In the category “Level of the question” all the subcategories were found to be significant. The results show that after learning the unit, fewer students asked questions about facts. Most of them, compared with those in the pre phase, looked for explanations. Moreover, the students looked for procedures and ways to improve and searched less for facts. For example, they asked more questions such as “how can we significantly reduce pollution? Or “how can we synthesize bio diesel? Instead of “is the water in Israel polluted?” These results, together with the results in the category “the information required”, imply that learning the unit influences the level of questions that were asked by the students. After the learning process, the students' requests to acquire additional knowledge increased.

The results from the interviews indicate that the students' awareness of environmental issues grew significantly. All students that were interviewed noted the change in their attitude toward environmental issues. Some of them expressed it strongly and made comments like “It is also important to be involved and to understand what is going on” and “I think that chemistry in an environmental context prepares us better for life”. They also remarked on their future role as citizens and said “Now, we are growing up and we want to be the ones who will be responsible for our future” and “we can also be more involved and will understand things better”. These findings strengthened the conclusion that learning the unit influences the students' awareness of environmental issues.

Summary and conclusions

Motivating the students, while providing a good understanding of chemical concepts, was ranked among the most important concerns in chemistry education (Zoller and Pushkin, 2007; Marks and Eilks, 2010; Parchmann et al., 2006). In order to study whether inclusion of an environmental context influences high-school students' attitudes, perception and thus motivates them toward learning chemistry, a curricular unit was developed, namely, “I Have Chemistry with the Environment” unit”. The unit concentrates on two context-based topics or modules. In each of these contexts students were given opportunities to make connections between chemistry concepts and real-life applications such as the water quality of their surroundings (in the “Water and us” module), and the relationship between everyday actions and the greenhouse effect. Since chemistry concepts from the traditional program were taught in previous chemistry lessons, it could be argued that learning the unit was an application of the previously learned concepts, for example, the topic of oxidation-reduction and chemical equilibrium. However, there were concepts that emerged through the context that were different from the students' previous experience. This included, in particular, topics such as spectroscopy with regard to the greenhouse effect. In addition, solubility and precipitation reactions required new conceptual links with water treatment and the greenhouse effect. In the “Water and us” module, students learned how the concentration of calcium ions affects the hardness of water. The concept of ‘hard water’ was introduced, enabling students to explore how the ‘hardness’ of water could be removed. These real-life connections were not merely applications of previously learned concepts; rather, they were concepts that emerged through real-life contexts that were different from students' previous experience. For example, “With all the concentration measurements in the lab, now I know it should concern me. It makes it more interesting.” Learning concepts such as solubility, through this context, now enabled the students to make real-life connections to water treatment.

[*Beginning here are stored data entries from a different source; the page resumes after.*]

lemma solution_branch:
  assumes N: "N \<ge> 2" and fY: "f \<in> Ysp"
  obtains r \<delta> \<rho> zf where "r > 0" "\<delta> > 0" "(real N - 1) * \<rho> \<le> 1/4"
    "\<And>lam. \<bar>lam\<bar> < \<delta> \<Longrightarrow>
       zf lam \<in> Xsp N b \<and> decay_le (zf lam) \<rho> \<and> Xnorm (zf lam) < r \<and> solves_F N f lam (zf lam)"
    "\<And>lam z. \<bar>lam\<bar> < \<delta> \<Longrightarrow> z \<in> Xsp N b \<Longrightarrow> Xnorm z < r \<Longrightarrow> solves_F N f lam z \<Longrightarrow> z = zf lam"
    "C1_into_X N b (ball 0 \<delta>) zf" "zf 0 = (\<lambda>t. 0)"
proof -
  define K where "K = real N - 1"
  define CX where "CX = 9 + \<bar>real N - 4\<bar>"
  define F0 where "F0 = Ynorm f"
  \<comment> \<open>(N-1) r = 1 gives uniqueness in the r-ball; since CX bounds the X-norm of z by the
    Y-norm of L z, the \<rho>-small solutions have X-norm well below r.\<close>
  define r where "r = 1 / K"
  define \<rho> where "\<rho> = r / (4 * CX)"
  define \<delta> where "\<delta> = \<rho> / (2 * F0 + 1)"
  have fb: "decay_le f F0" unfolding F0_def by (rule decay_le_Ynorm_Ysp[OF fY])
  have K1: "K \<ge> 1" using N by (simp add: K_def)
  have CX9: "CX \<ge> 9" by (simp add: CX_def)
  have F00: "F0 \<ge> 0" using decay_le_nonneg[OF fb] .
  have r0: "r > 0" and Kr: "K * r = 1" using K1 by (simp_all add: r_def)
  have \<rho>0: "\<rho> > 0" and \<rho>r: "\<rho> < r" and CX\<rho>: "CX * \<rho> = r / 4"
    using r0 CX9 by (simp_all add: \<rho>_def field_simps)
  have K\<rho>: "K * \<rho> \<le> 1/4" using Kr CX9 by (simp add: \<rho>_def field_simps)
  have \<delta>0: "\<delta> > 0" using \<rho>0 F00 by (simp add: \<delta>_def)
  have \<delta>F: "\<delta> * F0 \<le> \<rho> / 2" using F00 \<rho>0 by (simp add: \<delta>_def field_simps)
  have lamF: "\<bar>lam\<bar> * F0 \<le> \<rho> / 2" if "\<bar>lam\<bar> < \<delta>" for lam
    using mult_right_mono[of "\<bar>lam\<bar>" \<delta> F0] that F00 \<delta>F by simp
  obtain zf where zf: "\<And>lam. \<bar>lam\<bar> < \<delta> \<Longrightarrow> zf lam \<in> Xsp N b \<and> decay_le (zf lam) \<rho> \<and> solves_F N f lam (zf lam)"
    using solves_F_branch_exists[where b=b, OF N fY fb \<rho>0 K\<rho>[unfolded K_def] \<delta>F] by blast
  have small: "Xnorm (zf lam) < r" if lam: "\<bar>lam\<bar> < \<delta>" for lam
  proof -
    have "Xnorm (zf lam) \<le> CX * (K / 2 * \<rho>\<^sup>2 + \<bar>lam\<bar> * F0)"
      using zf[OF lam] Xnorm_le_solves_F[OF N _ _ fb, of "zf lam" b \<rho> lam] unfolding CX_def K_def by blast
    also have "\<dots> = (K * \<rho>) * (CX * \<rho>) / 2 + CX * (\<bar>lam\<bar> * F0)" by (simp add: power2_eq_square algebra_simps)
    also have "\<dots> \<le> (1/4) * (r / 4) / 2 + CX * (\<rho> / 2)"
      using K\<rho> CX\<rho> r0 CX9 F00 lamF[OF lam] by (intro add_mono divide_right_mono mult_mono) auto
    also have "\<dots> < r" using CX\<rho> r0 by simp
    finally show ?thesis .
  qed
  have unique: "z = zf lam" if "\<bar>lam\<bar> < \<delta>" "z \<in> Xsp N b" "Xnorm z < r" "solves_F N f lam z" for lam z
  proof (rule solves_F_unique[where A=r and B=\<rho>, OF N that(2) _ conjunct1[OF zf[OF that(1)]] _ _ that(4)])
    show "decay_le z r" using decay_le_Xnorm(1)[OF that(2)] that(3) by (simp add: decay_le_mono)
    show "decay_le (zf lam) \<rho>" "solves_F N f lam (zf lam)" using zf[OF that(1)] by simp_all
    have "K * ((r + \<rho>) / 2) < K * r" using K1 \<rho>r by simp
    thus "(real N - 1) * ((r + \<rho>) / 2) < 1" using Kr by (simp add: K_def)
  qed
  have C1: "C1_into_X N b (ball 0 \<delta>) zf"
    by (rule C1_into_X_solution_branch[OF N K\<rho>[unfolded K_def] fY]) (use zf in auto)
  have "(\<lambda>t. 0) = zf 0"
    by (rule unique) (use \<delta>0 r0 zero_in_Xsp(1) Xnorm_zero solves_F_zero in auto)
  thus thesis
    using r0 \<delta>0 K\<rho> zf small unique C1 by (intro that[of r \<delta> \<rho> zf]) (simp_all add: K_def)
qed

Many studies have shown that if students are able to see how learning activities relate to their “real life” and have a greater sense of ownership of the investigation, they are likely to be more motivated and successful in the area of science that they are investigating (Hofstein and Kesner, 2006; Hofstein and Lunetta, 2004). Making real-life connections between chemistry concepts and the contexts in which they were realized has been shown to have positive affective outcomes for many students who have studied science through a context-based approach (Ramsden, 1997).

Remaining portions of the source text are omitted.